Pull every line containing "presentation" from the listing below.

____________

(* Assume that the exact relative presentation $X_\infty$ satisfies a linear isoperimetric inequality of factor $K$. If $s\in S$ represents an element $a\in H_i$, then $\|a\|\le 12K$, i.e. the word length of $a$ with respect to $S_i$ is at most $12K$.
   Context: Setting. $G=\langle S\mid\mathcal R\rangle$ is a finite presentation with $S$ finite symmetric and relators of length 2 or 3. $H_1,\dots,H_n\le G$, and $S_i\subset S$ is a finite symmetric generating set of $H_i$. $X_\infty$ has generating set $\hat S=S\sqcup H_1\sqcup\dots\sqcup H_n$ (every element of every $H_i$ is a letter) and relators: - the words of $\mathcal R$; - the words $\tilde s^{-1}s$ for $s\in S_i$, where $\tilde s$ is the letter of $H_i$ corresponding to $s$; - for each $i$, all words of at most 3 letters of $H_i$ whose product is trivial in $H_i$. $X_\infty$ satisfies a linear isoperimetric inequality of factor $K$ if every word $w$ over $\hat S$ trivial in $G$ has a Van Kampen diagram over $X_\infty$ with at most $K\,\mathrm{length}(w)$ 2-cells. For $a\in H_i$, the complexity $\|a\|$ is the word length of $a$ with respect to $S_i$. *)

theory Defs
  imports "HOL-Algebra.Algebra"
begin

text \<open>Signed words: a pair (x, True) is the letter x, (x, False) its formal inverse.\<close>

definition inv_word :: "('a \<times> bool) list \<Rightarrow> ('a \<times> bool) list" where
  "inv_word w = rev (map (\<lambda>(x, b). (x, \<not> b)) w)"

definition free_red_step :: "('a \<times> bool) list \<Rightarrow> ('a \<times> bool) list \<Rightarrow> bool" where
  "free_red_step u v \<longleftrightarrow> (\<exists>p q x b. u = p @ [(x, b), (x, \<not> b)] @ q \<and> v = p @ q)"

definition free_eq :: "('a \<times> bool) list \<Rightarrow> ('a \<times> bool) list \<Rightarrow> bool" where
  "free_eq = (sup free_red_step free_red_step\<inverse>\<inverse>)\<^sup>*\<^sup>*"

____________

Answer space »
(* Assume that the exact relative presentation $X_\infty$ satisfies a linear isoperimetric inequality of factor $K$. If $s\in S$ represents an element $a\in H_i$, then $\|a\|\le 12K$, i.e. the word length of $a$ with respect to $S_i$ is at most $12K$.
   Context: Setting. $G=\langle S\mid\mathcal R\rangle$ is a finite presentation with $S$ finite symmetric and relators of length 2 or 3. $H_1,\dots,H_n\le G$, and $S_i\subset S$ is a finite symmetric generating set of $H_i$. $X_\infty$ has generating set $\hat S=S\sqcup H_1\sqcup\dots\sqcup H_n$ (every element of every $H_i$ is a letter) and relators: - the words of $\mathcal R$; - the words $\tilde s^{-1}s$ for $s\in S_i$, where $\tilde s$ is the letter of $H_i$ corresponding to $s$; - for each $i$, all words of at most 3 letters of $H_i$ whose product is trivial in $H_i$. $X_\infty$ satisfies a linear isoperimetric inequality of factor $K$ if every word $w$ over $\hat S$ trivial in $G$ has a Van Kampen diagram over $X_\infty$ with at most $K\,\mathrm{length}(w)$ 2-cells. For $a\in H_i$, the complexity $\|a\|$ is the word length of $a$ with respect to $S_i$. *)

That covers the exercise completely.